When the line containing "A \<inter> g" is found in the data below, copy it and each line after it through the line containing "a \<noteq> g", exactly and with no others.
Start of Records shown
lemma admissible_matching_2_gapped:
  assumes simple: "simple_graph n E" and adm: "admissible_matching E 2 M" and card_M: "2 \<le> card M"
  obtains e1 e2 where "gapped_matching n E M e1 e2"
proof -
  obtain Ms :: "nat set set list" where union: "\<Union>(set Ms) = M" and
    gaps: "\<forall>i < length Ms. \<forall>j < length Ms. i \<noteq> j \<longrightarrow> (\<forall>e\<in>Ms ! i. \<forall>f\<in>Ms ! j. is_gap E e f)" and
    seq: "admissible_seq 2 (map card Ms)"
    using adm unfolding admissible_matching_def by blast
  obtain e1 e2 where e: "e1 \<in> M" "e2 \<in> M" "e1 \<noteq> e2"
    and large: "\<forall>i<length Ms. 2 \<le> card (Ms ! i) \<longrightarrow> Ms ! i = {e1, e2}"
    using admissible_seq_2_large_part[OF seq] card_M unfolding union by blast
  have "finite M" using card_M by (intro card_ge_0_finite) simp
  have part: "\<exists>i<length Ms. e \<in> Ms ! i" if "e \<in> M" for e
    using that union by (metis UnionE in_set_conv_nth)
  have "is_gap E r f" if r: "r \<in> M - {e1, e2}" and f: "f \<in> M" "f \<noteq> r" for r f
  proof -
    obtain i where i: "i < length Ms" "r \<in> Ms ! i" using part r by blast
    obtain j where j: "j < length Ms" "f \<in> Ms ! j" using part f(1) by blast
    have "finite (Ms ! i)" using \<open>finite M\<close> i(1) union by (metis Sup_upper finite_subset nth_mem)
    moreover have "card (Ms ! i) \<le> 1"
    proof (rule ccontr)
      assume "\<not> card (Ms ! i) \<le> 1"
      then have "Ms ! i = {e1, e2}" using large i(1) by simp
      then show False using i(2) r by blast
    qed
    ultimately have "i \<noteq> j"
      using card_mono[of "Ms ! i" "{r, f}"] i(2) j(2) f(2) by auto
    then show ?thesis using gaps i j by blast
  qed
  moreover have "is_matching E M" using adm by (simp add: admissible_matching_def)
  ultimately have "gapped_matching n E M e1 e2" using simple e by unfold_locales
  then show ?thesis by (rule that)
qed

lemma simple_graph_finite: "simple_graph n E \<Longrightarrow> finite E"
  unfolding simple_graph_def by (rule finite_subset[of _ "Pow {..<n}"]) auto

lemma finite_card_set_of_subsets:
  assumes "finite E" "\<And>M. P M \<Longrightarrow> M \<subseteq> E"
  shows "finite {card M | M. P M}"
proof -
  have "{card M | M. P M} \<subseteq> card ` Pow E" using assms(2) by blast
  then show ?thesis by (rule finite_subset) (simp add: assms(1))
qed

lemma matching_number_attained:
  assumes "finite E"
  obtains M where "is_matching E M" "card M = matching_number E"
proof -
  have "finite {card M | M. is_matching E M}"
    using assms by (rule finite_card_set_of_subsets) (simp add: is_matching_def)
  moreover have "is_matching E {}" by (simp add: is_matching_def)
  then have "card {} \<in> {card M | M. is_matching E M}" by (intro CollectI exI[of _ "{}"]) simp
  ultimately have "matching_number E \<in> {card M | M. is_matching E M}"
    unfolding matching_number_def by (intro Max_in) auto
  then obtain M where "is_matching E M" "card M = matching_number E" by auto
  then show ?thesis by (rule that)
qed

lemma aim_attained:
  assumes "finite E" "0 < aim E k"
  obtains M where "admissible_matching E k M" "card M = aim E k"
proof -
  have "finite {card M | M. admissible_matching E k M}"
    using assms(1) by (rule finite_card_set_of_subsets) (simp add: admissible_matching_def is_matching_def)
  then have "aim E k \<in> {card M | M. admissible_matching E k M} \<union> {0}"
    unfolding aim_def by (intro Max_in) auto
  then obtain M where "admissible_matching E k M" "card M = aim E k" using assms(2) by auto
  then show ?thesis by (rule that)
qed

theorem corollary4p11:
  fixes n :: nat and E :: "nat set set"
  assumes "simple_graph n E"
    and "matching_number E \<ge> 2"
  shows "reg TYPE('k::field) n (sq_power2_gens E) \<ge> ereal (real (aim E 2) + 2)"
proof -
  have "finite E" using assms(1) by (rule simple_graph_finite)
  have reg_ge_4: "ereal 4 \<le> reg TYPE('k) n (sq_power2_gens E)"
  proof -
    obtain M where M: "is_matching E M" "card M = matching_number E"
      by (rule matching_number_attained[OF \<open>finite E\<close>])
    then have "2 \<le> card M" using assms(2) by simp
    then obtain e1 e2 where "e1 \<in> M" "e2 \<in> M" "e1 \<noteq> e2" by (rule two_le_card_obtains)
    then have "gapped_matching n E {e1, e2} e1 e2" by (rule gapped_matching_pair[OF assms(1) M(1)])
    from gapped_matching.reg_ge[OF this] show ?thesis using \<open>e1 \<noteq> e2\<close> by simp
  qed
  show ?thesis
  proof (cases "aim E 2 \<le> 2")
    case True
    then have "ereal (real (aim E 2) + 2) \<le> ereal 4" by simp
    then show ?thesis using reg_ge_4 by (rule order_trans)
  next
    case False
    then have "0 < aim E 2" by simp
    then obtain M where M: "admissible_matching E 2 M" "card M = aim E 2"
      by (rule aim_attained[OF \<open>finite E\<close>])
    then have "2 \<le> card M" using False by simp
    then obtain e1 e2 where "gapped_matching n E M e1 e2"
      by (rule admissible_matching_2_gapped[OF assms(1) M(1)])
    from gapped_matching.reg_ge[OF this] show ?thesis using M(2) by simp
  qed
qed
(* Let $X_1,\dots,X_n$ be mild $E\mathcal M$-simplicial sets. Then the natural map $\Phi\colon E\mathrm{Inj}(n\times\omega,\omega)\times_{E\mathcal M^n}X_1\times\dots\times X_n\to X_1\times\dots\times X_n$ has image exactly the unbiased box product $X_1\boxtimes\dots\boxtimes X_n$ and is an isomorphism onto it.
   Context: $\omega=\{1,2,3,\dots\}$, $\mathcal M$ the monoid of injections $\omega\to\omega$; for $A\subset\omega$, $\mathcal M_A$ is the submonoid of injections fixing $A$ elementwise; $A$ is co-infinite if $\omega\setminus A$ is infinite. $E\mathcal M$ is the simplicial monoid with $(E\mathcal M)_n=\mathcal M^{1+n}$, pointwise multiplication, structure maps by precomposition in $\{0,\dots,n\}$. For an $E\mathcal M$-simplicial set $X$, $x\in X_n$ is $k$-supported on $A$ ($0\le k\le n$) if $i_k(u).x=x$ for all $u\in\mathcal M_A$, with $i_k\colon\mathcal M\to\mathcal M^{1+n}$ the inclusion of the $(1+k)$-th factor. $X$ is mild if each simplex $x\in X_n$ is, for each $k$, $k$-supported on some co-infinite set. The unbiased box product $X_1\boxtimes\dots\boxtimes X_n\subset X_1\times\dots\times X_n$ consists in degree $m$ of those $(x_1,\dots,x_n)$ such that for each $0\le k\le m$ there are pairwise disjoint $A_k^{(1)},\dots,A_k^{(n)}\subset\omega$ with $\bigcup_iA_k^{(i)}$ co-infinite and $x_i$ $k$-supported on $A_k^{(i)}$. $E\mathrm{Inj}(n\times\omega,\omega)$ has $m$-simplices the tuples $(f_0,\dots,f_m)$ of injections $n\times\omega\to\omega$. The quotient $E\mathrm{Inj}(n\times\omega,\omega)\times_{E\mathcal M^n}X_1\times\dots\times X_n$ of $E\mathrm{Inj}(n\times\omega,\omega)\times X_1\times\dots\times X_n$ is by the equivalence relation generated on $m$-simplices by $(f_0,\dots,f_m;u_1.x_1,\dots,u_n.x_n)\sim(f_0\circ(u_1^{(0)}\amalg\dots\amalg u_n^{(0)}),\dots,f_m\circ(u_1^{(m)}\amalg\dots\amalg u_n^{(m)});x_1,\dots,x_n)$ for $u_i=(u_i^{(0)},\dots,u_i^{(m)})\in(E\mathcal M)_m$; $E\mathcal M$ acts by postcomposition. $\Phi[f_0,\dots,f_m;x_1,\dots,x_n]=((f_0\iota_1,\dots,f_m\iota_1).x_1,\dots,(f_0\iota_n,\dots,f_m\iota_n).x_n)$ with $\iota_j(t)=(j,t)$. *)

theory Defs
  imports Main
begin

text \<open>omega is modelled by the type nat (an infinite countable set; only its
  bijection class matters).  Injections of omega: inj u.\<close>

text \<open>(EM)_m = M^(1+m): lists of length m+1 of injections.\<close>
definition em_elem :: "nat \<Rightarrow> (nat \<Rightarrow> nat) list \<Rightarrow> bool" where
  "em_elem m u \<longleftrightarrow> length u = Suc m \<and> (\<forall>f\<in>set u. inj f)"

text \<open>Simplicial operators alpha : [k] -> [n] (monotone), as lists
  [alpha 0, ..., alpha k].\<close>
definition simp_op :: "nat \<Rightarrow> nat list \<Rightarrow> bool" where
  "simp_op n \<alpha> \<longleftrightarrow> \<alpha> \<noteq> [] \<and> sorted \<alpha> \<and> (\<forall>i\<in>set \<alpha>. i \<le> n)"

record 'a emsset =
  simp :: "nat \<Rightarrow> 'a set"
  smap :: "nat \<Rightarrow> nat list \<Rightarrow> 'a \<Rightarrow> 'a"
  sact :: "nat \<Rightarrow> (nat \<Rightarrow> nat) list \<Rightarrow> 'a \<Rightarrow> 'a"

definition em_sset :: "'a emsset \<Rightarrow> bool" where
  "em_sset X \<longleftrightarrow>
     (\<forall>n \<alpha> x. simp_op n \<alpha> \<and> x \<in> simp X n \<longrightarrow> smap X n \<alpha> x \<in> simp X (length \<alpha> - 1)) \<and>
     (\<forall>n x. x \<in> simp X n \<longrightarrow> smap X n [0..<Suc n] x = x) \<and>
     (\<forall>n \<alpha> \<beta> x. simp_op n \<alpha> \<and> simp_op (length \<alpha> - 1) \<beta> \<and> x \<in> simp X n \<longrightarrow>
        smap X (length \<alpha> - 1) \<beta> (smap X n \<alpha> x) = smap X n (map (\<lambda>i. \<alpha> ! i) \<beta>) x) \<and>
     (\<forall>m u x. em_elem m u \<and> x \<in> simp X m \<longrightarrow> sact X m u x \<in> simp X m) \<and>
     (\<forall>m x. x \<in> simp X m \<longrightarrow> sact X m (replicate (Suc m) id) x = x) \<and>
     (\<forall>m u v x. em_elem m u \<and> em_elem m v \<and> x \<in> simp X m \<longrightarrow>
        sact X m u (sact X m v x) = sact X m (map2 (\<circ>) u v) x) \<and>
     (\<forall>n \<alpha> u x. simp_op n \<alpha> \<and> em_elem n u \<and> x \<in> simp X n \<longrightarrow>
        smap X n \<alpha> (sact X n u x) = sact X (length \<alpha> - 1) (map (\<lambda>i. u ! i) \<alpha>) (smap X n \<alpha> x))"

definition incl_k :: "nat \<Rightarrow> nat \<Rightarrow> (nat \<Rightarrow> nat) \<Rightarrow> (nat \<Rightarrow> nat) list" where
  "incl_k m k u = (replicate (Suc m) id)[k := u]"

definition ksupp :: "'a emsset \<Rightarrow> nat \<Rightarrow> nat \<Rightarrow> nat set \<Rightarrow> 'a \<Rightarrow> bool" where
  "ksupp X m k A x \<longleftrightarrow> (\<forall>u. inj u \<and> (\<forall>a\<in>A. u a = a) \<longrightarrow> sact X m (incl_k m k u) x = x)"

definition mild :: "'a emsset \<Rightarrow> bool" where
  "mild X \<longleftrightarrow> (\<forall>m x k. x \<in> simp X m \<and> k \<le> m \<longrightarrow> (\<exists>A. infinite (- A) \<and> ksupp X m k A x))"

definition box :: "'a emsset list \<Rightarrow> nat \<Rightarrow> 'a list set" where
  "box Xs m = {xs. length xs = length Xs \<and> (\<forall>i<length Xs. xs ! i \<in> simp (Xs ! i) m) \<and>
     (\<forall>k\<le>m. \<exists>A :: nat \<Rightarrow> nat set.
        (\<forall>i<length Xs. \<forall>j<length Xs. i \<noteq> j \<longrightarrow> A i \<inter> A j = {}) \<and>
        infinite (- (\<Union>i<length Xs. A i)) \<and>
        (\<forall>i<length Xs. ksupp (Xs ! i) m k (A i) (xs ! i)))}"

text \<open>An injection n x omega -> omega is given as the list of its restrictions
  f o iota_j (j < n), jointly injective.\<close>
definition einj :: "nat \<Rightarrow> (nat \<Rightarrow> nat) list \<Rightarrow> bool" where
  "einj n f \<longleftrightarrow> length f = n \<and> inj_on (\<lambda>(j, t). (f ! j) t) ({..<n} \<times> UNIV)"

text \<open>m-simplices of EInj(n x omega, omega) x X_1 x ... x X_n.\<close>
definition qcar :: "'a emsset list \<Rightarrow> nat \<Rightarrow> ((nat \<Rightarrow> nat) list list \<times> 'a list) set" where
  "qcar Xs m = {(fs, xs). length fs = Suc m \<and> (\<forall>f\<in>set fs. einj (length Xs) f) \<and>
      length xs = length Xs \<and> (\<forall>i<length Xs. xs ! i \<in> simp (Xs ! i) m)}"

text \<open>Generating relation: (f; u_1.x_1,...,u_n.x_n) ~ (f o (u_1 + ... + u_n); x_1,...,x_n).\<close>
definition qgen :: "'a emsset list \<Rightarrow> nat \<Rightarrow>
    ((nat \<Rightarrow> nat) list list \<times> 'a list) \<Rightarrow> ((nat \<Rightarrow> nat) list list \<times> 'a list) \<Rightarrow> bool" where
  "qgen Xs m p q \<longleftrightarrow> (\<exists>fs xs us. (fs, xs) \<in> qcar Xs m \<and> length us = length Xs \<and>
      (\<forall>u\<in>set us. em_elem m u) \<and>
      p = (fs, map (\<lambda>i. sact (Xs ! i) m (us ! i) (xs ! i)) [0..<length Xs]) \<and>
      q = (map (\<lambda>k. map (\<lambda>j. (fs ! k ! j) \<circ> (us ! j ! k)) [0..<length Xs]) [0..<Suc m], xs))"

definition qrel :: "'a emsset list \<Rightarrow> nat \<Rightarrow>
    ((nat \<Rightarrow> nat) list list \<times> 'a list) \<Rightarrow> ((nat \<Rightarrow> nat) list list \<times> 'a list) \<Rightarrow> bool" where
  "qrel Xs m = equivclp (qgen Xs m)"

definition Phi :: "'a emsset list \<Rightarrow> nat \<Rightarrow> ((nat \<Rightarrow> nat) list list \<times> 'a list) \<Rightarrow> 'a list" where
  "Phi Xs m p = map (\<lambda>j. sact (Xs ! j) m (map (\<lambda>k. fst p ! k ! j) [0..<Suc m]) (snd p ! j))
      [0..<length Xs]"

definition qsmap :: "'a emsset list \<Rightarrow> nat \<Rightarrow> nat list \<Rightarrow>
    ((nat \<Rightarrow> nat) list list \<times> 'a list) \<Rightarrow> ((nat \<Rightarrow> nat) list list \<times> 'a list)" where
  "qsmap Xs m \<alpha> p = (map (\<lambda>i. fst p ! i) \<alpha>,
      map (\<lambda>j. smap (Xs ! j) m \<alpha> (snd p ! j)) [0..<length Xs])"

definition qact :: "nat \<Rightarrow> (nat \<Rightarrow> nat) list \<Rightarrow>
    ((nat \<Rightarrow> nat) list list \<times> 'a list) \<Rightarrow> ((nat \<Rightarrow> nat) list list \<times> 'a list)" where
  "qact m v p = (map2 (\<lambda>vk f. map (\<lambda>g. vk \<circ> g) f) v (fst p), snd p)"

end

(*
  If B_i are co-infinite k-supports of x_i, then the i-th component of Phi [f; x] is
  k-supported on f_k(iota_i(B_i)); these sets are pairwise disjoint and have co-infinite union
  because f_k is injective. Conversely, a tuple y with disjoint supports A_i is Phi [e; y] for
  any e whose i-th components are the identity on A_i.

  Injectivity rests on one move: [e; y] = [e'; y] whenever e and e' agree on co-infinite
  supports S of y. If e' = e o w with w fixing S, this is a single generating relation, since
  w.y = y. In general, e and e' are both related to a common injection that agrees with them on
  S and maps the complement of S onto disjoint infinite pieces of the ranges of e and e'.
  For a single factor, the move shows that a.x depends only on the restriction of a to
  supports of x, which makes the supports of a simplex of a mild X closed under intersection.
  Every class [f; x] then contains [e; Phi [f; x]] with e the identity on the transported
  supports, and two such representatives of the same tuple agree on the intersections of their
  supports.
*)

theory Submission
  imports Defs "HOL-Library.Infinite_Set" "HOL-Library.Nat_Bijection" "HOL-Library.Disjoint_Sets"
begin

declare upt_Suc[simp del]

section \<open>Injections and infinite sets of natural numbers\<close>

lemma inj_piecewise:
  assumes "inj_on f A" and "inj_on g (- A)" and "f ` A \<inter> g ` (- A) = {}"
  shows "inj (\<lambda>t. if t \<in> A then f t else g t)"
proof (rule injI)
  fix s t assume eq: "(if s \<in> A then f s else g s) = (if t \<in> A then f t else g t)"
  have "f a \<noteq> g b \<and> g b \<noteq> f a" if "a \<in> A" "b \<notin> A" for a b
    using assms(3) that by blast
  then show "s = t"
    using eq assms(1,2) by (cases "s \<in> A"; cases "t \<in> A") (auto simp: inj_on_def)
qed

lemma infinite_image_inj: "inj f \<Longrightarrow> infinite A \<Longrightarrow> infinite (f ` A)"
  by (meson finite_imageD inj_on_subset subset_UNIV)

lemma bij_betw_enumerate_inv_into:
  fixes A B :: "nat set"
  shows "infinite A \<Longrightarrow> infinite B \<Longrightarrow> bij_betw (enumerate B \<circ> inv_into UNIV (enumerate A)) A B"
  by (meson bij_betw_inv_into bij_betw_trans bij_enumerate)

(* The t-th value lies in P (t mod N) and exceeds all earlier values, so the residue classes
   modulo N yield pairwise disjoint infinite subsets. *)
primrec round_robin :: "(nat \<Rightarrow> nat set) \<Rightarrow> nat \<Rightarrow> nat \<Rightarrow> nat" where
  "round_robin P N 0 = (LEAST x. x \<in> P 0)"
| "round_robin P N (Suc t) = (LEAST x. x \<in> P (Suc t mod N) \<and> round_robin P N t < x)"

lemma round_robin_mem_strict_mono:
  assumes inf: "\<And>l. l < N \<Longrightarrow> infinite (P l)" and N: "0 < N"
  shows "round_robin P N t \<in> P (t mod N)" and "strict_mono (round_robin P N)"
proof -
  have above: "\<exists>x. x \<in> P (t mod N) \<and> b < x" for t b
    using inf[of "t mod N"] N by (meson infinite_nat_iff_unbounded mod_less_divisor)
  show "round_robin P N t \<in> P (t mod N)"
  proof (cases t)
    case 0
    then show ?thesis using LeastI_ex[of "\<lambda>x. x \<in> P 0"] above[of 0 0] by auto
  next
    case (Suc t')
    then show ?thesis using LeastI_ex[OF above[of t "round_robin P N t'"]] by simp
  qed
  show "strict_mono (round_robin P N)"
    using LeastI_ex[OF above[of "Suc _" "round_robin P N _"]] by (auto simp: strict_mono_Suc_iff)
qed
End of Records shown
**Worked solution:**
  assumes "inj_on f A" and "inj_on g (- A)" and "f ` A \<inter> g ` (- A) = {}"
  shows "inj (\<lambda>t. if t \<in> A then f t else g t)"
proof (rule injI)
  fix s t assume eq: "(if s \<in> A then f s else g s) = (if t \<in> A then f t else g t)"
  have "f a \<noteq> g b \<and> g b \<noteq> f a" if "a \<in> A" "b \<notin> A" for a b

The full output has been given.